The testimony adduced at trial provided ample support for
Family Court's decision to restrict the father to supervised
visitation. The father stated that he was in jail from December
2011 until November 2012, during which time he did not see his
children, having rejected an offer from his caseworker to visit
with them. The children's former foster mother testified that
the father only saw his children on five or six occasions from
-3- 517835
November 2010 until his incarceration. Between January 2013 and
the first day of the trial in May 2013, the father only met with
the children once during a supervised visit, at which he stayed
for just five minutes and only interacted with one of the
children. In response to the attorney for the children's
suggestion that he could have supervised visitation at a family
resource center, the father stated, "[M]aybe I should go [there]

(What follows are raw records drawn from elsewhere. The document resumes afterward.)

lemma transpose_skew: "transpose (skew A) = - skew A"
  by (simp add: skew_def vec_eq_iff transpose_def algebra_simps)

lemma transpose_diff_skew: "transpose (A - skew A) = A - skew A"
  by (simp add: skew_def vec_eq_iff transpose_def algebra_simps)

lemma tangent_St_diff:
  assumes "\<xi> \<in> tangent_St X" and "\<zeta> \<in> tangent_St X"
  shows "\<xi> - \<zeta> \<in> tangent_St X"
proof -
  have "transpose (\<xi> - \<zeta>) ** X + transpose X ** (\<xi> - \<zeta>)
      = (transpose \<xi> ** X + transpose X ** \<xi>) - (transpose \<zeta> ** X + transpose X ** \<zeta>)"
    by (simp add: transpose_diff matrix_diff_rdistrib matrix_diff_ldistrib)
  with assms show ?thesis
    by (simp add: tangent_St_def)
qed

lemma orthogonal_projection_unique:
  fixes g :: "'a::ab_group_add \<Rightarrow> 'a \<Rightarrow> real"
  assumes diff_right: "\<And>\<xi> a b. g \<xi> (a - b) = g \<xi> a - g \<xi> b"
    and definite: "\<And>d. d \<in> T \<Longrightarrow> g d d = 0 \<Longrightarrow> d = 0"
    and T_diff: "\<And>a b. a \<in> T \<Longrightarrow> b \<in> T \<Longrightarrow> a - b \<in> T"
    and "a \<in> T" "\<forall>\<xi>\<in>T. g \<xi> (z - a) = 0"
    and "b \<in> T" "\<forall>\<xi>\<in>T. g \<xi> (z - b) = 0"
  shows "a = b"
proof -
  have "a - b \<in> T"
    using assms T_diff by blast
  moreover have "g (a - b) (a - b) = g (a - b) (z - b) - g (a - b) (z - a)"
    using diff_right[of "a - b" "z - b" "z - a"] by simp
  ultimately have "g (a - b) (a - b) = 0"
    using assms by simp
  with \<open>a - b \<in> T\<close> show ?thesis
    using definite by fastforce
qed

locale full_column_rank =
  fixes X :: "real^'p^'n"
  assumes rank_X: "rank X = CARD('p)"
begin

definition gram_inv :: "real^'p^'p" where
  "gram_inv = matrix_inv (transpose X ** X)"

definition range_proj :: "real^'n^'n" where
  "range_proj = X ** gram_inv ** transpose X"

lemma gram_inv_left: "gram_inv ** (transpose X ** X) = mat 1"
  unfolding gram_inv_def using matrix_inv_left[OF invertible_gram[OF rank_X]] .

lemma gram_inv_right: "transpose X ** X ** gram_inv = mat 1"
  unfolding gram_inv_def using matrix_inv_right[OF invertible_gram[OF rank_X]] .

lemma mult_gram_inv_cancel: "A ** gram_inv ** transpose X ** X = A"
  by (simp add: matrix_mul_assoc[symmetric] gram_inv_left)

lemma transpose_gram_inv: "transpose gram_inv = gram_inv"
proof -
  have "transpose gram_inv = transpose gram_inv ** (transpose X ** X ** gram_inv)"
    by (simp add: gram_inv_right)
  also have "\<dots> = transpose (transpose X ** X ** gram_inv) ** gram_inv"
    by (simp add: matrix_transpose_mul matrix_mul_assoc)
  finally show ?thesis
    by (simp add: gram_inv_right)
qed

to visit my children, but why should I? What did I do wrong to
have to do that?" In addition, the father declined Family
Court's offer to schedule a supervised visit, between the first
and second days of the trial, preferring instead to "just go
through the process." Importantly, the father acknowledged that
the children were not even aware that he is their biological
father. Finally, as to his fitness as a parent, the father
indicated that he has very limited financial resources and a
personality disorder that has apparently gone untreated.
The father clearly evinced his unwillingness to parent by
electing not to visit with his children both during his
incarceration and, with one minor exception, after he commenced
the initial proceeding (see Matter of Klee v Schill, 95 AD3d
1599, 1601 [2012]; Matter of Russell v Simmons, 88 AD3d 1080,
1081 [2011]). Considering the children's unfamiliarity with the
father – engendered by his limited contact with them – and his
refusal to meaningfully participate in anything less than
unsupervised visitation, we conclude that Family Court
providently exercised its discretion in requiring that the
father's visitation with his children be supervised (see Matter
of Raychell J. v Kendell K., 121 AD3d at 1208; Matter of Burrell
v Burrell, 101 AD3d 1193, 1195 [2012]).
Lahtinen, J.P., Devine and Clark, JJ., concur.
-4- 517835
ORDERED that the order is affirmed, without costs.